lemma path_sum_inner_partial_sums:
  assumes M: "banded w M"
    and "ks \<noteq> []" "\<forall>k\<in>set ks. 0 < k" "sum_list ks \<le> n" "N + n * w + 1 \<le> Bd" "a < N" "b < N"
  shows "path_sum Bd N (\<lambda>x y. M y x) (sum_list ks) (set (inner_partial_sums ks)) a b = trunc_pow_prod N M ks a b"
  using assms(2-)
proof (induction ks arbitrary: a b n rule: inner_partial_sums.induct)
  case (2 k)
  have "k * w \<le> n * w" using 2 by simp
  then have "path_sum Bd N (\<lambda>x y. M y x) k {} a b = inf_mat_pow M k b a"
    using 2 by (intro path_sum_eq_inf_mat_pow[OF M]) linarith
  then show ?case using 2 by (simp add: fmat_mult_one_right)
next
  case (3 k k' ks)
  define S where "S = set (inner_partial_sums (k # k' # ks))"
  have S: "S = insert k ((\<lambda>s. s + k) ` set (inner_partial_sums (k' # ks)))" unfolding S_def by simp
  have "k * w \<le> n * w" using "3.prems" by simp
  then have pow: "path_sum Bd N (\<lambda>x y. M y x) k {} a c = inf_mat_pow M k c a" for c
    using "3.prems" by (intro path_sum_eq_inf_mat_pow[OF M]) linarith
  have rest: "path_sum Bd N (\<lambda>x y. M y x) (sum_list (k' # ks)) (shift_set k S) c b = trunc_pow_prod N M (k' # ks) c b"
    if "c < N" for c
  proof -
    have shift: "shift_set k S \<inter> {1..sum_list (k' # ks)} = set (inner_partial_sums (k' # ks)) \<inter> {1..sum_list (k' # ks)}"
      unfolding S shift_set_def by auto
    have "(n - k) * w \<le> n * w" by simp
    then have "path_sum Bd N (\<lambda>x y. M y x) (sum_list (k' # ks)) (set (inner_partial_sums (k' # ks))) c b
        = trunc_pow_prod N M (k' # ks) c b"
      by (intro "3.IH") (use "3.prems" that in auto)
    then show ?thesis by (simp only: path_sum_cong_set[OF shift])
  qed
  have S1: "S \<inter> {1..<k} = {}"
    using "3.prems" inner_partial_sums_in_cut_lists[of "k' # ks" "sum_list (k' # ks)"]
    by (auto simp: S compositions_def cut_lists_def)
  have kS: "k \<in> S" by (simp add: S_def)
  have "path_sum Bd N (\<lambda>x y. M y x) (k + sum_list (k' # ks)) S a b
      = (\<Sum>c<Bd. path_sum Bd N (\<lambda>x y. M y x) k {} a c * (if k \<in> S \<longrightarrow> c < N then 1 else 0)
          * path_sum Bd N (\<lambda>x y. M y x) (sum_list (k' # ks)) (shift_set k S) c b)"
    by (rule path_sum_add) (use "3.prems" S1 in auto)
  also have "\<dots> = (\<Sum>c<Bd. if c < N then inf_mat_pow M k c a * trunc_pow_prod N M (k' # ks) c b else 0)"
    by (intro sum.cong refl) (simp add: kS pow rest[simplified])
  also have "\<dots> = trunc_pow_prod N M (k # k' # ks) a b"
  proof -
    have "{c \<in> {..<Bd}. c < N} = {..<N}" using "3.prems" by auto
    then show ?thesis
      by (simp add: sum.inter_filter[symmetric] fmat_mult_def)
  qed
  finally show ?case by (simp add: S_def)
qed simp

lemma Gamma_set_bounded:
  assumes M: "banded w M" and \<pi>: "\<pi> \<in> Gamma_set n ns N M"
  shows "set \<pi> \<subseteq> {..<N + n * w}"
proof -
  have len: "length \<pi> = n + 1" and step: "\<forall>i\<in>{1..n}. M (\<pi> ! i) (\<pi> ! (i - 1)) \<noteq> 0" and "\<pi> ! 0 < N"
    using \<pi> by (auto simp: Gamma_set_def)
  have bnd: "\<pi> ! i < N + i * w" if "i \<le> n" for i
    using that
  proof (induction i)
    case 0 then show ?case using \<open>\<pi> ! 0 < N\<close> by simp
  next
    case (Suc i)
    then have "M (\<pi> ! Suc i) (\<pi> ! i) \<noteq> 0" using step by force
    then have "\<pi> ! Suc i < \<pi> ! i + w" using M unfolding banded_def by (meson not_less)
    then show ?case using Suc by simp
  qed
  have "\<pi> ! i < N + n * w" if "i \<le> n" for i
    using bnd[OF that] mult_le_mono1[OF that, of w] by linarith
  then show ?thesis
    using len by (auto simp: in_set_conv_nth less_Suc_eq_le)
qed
...
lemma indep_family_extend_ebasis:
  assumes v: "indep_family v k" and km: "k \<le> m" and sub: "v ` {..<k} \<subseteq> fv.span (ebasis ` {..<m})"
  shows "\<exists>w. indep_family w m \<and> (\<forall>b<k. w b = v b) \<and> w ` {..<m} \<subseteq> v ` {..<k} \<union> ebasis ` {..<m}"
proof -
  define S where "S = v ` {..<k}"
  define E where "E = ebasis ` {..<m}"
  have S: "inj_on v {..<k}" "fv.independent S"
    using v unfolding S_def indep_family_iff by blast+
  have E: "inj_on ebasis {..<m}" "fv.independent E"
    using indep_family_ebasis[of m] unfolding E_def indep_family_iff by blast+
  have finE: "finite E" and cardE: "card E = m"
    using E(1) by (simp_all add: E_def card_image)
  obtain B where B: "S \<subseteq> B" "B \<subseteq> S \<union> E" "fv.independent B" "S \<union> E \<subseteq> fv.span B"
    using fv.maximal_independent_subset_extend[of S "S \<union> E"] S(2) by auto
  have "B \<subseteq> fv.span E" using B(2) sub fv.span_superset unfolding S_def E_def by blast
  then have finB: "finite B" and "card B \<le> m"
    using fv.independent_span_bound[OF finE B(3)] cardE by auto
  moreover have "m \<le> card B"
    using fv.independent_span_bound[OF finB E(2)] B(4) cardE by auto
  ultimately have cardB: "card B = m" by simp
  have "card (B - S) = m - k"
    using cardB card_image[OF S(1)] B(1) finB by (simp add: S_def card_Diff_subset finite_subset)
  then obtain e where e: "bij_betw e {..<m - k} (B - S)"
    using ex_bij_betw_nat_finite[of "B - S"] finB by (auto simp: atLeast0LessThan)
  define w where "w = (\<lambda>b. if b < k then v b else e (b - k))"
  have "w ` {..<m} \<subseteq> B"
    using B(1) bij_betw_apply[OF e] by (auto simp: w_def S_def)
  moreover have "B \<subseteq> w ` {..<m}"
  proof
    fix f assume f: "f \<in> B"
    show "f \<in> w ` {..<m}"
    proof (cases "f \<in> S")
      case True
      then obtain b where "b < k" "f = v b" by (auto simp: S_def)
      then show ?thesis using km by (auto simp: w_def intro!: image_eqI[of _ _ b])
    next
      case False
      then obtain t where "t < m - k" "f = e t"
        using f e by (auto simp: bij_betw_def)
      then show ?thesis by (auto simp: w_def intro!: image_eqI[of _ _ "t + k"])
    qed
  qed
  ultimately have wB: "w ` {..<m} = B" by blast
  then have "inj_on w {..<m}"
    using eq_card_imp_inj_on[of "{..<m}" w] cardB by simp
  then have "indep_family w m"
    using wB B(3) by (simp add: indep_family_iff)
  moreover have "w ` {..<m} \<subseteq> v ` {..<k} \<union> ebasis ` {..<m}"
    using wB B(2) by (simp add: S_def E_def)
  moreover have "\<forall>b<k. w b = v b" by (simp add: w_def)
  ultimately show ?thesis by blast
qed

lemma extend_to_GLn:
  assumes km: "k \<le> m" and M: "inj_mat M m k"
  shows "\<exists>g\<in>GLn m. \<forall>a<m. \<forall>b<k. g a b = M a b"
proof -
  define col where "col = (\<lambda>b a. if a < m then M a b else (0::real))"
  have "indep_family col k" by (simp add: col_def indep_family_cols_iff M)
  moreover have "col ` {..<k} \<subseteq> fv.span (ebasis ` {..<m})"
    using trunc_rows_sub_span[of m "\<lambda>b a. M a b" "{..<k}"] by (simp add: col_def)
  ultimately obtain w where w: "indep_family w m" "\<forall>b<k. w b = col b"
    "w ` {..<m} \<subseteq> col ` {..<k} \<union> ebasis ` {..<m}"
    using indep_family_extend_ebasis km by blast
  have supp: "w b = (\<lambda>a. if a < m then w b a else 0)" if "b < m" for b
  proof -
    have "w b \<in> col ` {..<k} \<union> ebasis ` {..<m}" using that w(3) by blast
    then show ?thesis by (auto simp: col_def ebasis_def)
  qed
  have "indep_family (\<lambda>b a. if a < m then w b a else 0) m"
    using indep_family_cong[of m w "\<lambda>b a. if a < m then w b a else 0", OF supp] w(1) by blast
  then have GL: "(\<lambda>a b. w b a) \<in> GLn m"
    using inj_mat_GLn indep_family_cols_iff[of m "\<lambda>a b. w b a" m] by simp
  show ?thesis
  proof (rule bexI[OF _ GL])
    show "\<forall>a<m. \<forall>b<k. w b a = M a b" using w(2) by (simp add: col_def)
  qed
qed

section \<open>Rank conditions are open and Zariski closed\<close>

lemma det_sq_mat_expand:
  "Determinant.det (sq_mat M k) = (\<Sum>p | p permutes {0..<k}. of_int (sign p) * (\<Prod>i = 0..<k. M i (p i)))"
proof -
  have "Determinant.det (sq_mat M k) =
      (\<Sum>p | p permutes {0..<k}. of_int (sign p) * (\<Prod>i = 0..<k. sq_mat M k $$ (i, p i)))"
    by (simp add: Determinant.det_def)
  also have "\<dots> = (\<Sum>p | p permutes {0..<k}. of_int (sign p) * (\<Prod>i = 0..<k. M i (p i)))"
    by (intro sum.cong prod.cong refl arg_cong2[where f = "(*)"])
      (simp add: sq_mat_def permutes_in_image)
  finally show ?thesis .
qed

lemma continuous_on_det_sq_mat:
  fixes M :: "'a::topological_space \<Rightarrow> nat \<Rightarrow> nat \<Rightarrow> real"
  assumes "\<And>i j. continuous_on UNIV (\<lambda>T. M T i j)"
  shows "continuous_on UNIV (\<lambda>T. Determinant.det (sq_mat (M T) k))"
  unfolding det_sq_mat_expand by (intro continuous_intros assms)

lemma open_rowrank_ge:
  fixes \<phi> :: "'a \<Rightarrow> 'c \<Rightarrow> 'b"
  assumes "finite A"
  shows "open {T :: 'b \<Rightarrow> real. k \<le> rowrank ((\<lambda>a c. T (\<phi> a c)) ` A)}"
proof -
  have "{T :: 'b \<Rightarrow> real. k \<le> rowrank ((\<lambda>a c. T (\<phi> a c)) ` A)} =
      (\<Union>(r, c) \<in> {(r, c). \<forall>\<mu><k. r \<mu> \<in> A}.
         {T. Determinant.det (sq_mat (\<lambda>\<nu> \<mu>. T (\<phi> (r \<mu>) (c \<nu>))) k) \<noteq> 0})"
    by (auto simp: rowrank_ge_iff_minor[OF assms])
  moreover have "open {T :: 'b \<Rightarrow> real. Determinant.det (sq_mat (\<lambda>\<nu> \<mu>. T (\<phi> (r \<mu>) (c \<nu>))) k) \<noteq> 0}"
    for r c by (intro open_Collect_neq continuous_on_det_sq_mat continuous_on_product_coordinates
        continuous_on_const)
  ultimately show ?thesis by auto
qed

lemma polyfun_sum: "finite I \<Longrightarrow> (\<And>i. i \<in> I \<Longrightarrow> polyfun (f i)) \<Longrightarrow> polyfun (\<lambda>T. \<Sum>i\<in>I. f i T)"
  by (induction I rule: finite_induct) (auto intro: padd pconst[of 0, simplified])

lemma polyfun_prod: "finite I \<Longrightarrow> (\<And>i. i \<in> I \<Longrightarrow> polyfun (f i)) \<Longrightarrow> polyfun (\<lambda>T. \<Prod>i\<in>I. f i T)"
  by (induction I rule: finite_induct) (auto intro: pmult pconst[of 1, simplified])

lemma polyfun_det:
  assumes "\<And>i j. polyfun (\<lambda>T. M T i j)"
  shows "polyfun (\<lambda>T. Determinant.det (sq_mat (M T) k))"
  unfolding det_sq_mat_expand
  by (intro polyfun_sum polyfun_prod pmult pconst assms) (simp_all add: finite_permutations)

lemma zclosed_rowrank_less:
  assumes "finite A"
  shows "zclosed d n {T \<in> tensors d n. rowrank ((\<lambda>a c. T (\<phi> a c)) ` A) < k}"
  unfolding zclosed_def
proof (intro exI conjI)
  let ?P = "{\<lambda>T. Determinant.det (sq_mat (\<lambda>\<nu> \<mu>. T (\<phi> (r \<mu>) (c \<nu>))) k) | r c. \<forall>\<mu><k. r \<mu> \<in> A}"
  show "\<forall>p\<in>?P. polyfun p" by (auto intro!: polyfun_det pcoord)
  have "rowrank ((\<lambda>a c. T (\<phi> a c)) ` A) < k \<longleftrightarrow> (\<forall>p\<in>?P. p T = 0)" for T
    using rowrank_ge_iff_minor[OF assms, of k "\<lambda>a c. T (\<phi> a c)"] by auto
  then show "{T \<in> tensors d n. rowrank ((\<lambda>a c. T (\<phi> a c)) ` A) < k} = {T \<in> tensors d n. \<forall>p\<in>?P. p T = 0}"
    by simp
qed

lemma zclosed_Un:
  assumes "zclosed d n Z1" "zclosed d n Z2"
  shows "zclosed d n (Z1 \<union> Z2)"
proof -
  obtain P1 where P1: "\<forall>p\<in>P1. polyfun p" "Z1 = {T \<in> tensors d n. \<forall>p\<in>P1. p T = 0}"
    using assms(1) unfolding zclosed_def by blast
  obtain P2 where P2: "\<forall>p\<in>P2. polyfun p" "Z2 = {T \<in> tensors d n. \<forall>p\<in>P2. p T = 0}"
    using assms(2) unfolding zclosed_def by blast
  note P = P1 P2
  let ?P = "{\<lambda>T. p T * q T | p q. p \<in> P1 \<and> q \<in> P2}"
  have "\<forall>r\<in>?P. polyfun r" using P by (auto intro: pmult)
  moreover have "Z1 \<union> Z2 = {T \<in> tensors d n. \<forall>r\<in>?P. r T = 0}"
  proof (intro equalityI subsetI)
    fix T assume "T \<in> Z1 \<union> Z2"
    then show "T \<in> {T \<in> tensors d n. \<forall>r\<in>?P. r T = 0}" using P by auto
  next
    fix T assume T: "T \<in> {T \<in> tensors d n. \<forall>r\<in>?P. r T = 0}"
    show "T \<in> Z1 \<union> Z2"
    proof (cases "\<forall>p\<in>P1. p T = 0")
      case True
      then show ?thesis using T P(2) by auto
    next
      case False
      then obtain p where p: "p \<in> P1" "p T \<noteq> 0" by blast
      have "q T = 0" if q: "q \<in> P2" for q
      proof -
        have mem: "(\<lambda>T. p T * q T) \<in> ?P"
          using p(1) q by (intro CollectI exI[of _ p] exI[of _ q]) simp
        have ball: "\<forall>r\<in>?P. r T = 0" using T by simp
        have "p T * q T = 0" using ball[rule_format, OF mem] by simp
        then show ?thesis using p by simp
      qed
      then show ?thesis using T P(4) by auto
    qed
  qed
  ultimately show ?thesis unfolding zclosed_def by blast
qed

Required work: Would you print exactly and only the lines of the material above that run from the line with "by (intro sum.cong refl)" through the line with "case (Suc i)", both included?

Response to the task:
    by (intro sum.cong refl) (simp add: kS pow rest[simplified])
  also have "\<dots> = trunc_pow_prod N M (k # k' # ks) a b"
  proof -
    have "{c \<in> {..<Bd}. c < N} = {..<N}" using "3.prems" by auto
    then show ?thesis
      by (simp add: sum.inter_filter[symmetric] fmat_mult_def)
  qed
  finally show ?case by (simp add: S_def)
qed simp

lemma Gamma_set_bounded:
  assumes M: "banded w M" and \<pi>: "\<pi> \<in> Gamma_set n ns N M"
  shows "set \<pi> \<subseteq> {..<N + n * w}"
proof -
  have len: "length \<pi> = n + 1" and step: "\<forall>i\<in>{1..n}. M (\<pi> ! i) (\<pi> ! (i - 1)) \<noteq> 0" and "\<pi> ! 0 < N"
    using \<pi> by (auto simp: Gamma_set_def)
  have bnd: "\<pi> ! i < N + i * w" if "i \<le> n" for i
    using that
  proof (induction i)
    case 0 then show ?case using \<open>\<pi> ! 0 < N\<close> by simp
  next
    case (Suc i)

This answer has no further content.